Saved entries
= = = = = = =
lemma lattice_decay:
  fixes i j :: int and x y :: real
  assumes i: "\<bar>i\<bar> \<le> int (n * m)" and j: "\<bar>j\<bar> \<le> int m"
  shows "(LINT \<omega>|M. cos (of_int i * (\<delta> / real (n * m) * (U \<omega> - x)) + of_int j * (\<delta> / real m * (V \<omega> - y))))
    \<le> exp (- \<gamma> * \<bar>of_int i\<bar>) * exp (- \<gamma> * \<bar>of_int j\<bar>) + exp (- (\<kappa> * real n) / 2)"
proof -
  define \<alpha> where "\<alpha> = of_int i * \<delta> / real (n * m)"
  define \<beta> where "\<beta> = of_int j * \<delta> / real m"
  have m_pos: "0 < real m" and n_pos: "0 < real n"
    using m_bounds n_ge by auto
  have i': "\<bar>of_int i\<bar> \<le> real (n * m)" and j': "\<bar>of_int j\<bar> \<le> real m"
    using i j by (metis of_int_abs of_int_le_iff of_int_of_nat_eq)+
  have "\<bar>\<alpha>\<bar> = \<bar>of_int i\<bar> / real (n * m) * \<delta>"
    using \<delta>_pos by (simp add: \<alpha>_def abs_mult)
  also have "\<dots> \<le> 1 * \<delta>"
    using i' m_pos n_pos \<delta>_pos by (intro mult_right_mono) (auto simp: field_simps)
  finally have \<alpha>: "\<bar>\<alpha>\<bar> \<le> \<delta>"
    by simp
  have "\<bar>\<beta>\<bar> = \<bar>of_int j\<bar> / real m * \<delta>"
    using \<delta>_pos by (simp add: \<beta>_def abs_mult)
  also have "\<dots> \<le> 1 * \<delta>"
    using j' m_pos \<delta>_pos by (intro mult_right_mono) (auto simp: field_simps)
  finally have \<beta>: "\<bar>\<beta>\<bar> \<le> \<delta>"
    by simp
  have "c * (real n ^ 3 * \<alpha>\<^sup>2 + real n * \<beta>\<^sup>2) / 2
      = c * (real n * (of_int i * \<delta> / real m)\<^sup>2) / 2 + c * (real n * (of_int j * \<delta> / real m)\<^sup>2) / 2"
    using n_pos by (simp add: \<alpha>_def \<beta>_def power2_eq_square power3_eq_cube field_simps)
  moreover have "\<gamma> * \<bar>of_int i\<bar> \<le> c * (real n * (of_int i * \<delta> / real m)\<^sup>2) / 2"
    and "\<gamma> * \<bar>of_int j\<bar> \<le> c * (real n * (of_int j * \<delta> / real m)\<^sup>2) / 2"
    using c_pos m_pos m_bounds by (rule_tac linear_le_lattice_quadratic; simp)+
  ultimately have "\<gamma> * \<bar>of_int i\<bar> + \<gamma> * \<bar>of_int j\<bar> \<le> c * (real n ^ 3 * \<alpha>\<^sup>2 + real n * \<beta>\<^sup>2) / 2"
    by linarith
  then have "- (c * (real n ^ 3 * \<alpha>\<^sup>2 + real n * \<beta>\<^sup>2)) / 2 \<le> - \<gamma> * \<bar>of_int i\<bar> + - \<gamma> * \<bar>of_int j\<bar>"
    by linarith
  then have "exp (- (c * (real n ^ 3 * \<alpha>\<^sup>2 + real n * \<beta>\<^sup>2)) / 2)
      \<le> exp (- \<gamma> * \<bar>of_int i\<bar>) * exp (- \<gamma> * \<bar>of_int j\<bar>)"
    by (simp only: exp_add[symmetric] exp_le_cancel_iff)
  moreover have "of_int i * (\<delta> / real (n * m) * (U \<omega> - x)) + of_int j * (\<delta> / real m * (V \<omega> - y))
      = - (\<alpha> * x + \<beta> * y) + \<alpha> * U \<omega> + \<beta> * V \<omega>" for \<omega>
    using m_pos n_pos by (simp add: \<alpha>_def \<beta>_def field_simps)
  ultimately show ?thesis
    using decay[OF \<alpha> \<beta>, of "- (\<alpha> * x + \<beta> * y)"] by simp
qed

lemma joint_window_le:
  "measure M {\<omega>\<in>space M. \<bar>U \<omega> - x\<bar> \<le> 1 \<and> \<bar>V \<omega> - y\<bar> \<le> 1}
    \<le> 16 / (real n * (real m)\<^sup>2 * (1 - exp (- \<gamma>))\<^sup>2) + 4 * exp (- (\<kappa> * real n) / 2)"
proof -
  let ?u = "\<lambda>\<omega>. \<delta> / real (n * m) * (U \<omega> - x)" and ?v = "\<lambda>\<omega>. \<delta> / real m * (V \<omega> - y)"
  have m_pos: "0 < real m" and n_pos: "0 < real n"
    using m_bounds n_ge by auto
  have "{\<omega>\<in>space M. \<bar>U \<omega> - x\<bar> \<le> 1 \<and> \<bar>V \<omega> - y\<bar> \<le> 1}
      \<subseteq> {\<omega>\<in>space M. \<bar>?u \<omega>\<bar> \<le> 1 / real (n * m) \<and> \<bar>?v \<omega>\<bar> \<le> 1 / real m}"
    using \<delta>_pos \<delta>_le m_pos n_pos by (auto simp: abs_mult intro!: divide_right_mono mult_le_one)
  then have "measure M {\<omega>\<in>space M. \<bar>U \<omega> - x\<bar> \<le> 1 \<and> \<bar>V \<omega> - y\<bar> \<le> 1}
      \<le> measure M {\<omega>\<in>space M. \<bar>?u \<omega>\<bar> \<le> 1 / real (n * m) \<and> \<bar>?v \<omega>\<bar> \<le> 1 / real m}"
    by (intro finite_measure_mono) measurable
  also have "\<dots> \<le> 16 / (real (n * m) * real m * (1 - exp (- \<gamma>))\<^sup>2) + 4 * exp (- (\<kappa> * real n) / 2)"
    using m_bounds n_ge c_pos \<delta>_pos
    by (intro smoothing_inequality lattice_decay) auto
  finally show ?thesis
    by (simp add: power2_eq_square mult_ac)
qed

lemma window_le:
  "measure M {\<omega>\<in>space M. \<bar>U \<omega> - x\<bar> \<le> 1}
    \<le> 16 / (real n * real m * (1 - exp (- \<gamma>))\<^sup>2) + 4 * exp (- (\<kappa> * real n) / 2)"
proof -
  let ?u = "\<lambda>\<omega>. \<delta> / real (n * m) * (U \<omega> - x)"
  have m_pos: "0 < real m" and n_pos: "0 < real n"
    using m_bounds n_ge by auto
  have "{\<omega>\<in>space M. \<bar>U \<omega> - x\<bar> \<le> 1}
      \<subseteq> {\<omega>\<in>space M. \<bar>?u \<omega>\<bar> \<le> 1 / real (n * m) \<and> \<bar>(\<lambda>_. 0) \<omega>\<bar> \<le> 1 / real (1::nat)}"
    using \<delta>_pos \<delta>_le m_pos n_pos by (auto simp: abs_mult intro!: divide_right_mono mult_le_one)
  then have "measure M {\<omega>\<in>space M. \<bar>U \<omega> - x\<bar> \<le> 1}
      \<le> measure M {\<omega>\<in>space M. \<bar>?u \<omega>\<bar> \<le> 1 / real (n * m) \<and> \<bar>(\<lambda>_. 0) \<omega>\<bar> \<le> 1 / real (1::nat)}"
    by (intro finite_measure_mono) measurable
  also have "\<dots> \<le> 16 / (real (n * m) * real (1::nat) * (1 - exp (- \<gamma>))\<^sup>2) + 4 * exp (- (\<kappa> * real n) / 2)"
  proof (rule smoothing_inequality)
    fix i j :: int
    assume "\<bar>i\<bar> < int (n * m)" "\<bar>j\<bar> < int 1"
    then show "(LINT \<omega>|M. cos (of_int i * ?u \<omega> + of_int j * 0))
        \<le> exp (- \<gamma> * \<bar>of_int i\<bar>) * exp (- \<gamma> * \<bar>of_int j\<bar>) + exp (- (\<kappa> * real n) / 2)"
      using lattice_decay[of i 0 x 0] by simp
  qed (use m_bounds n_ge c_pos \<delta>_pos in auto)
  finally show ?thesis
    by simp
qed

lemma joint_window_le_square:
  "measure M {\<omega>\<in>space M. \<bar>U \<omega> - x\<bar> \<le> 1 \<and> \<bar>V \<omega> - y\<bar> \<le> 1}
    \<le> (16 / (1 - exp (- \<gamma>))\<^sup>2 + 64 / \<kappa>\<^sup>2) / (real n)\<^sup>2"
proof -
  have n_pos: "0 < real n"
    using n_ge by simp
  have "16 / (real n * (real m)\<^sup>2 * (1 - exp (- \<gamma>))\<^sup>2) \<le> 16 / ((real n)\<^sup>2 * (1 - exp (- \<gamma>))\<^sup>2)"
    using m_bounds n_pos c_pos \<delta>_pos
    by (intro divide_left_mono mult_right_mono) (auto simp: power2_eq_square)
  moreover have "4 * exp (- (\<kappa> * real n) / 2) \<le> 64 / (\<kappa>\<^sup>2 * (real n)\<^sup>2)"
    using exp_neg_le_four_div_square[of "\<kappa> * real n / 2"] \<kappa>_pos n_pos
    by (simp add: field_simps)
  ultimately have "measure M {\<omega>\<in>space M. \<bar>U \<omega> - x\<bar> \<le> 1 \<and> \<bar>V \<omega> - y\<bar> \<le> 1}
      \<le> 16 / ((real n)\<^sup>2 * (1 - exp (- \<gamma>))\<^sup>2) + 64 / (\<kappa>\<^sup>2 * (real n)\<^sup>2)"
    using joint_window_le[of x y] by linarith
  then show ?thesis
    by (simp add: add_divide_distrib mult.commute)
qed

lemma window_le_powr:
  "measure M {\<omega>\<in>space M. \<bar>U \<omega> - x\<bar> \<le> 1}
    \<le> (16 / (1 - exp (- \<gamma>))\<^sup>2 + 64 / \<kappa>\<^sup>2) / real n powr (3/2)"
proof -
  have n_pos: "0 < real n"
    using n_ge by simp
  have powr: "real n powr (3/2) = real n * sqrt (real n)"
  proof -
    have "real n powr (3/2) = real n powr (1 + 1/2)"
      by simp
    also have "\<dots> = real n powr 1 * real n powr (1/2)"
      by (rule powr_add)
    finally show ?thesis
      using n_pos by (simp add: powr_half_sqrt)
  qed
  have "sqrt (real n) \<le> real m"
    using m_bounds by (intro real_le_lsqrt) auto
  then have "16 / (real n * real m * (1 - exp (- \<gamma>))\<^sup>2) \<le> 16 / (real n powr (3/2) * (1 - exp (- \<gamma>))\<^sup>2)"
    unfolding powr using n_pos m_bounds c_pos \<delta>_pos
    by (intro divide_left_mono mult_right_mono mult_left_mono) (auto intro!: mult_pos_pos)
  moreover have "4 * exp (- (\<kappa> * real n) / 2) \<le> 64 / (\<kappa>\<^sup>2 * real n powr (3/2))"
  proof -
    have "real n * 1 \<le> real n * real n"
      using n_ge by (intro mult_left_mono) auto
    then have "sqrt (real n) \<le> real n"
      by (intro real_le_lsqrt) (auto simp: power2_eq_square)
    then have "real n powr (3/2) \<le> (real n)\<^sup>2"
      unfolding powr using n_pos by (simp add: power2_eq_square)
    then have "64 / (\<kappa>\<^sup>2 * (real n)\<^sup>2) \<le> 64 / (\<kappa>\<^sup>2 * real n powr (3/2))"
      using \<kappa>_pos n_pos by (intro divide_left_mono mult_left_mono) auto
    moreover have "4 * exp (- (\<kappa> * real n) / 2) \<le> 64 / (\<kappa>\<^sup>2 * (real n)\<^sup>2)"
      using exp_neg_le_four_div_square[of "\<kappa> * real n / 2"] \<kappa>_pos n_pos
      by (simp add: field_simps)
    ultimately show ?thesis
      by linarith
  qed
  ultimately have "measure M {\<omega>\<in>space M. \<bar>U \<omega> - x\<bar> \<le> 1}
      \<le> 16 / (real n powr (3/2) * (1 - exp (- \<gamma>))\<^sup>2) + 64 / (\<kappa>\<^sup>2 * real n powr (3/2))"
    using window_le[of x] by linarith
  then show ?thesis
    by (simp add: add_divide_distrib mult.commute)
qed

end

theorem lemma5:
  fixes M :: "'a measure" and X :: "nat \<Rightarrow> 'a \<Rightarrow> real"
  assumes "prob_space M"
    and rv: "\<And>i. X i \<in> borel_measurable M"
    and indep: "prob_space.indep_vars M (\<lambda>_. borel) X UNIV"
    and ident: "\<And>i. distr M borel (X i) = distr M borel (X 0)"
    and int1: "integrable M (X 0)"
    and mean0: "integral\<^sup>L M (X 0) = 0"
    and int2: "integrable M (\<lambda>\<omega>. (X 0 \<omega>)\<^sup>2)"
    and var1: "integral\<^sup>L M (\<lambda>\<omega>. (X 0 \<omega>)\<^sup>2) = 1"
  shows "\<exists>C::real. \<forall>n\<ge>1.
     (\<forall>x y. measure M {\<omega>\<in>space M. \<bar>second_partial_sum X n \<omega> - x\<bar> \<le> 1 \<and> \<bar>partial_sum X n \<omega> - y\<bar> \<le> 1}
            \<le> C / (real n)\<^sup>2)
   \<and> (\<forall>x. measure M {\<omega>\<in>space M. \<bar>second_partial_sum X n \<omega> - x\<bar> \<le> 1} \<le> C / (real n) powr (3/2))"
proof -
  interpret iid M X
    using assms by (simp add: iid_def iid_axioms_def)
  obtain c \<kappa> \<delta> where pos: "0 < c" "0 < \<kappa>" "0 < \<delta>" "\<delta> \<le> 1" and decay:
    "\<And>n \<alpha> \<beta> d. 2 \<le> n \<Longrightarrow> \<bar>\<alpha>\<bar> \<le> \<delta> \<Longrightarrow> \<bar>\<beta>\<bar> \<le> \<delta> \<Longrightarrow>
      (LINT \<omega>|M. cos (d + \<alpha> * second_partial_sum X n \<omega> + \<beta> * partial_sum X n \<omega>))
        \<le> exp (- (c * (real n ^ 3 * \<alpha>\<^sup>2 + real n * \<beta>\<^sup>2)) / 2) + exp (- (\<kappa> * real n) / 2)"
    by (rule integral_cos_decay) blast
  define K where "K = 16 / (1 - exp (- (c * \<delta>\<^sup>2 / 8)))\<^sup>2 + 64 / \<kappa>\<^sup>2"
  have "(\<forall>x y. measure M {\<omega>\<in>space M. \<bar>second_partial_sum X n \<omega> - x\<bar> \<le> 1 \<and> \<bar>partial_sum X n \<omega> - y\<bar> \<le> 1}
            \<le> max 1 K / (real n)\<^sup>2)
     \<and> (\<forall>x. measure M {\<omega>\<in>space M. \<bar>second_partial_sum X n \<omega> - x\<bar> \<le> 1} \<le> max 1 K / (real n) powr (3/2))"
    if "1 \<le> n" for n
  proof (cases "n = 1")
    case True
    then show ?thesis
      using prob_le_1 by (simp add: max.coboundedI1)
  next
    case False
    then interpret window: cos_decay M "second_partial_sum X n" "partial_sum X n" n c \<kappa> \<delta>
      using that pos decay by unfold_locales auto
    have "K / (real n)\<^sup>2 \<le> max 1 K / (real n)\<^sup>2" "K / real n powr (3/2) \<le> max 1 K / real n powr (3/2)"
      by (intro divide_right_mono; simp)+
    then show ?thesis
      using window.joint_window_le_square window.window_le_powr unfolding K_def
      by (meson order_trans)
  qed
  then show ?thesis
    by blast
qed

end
= = = = = = =
## What you are asked to do
Among the lines above, some may include the string "dots"; state how many, and nothing more.

## Solution to this exercise
5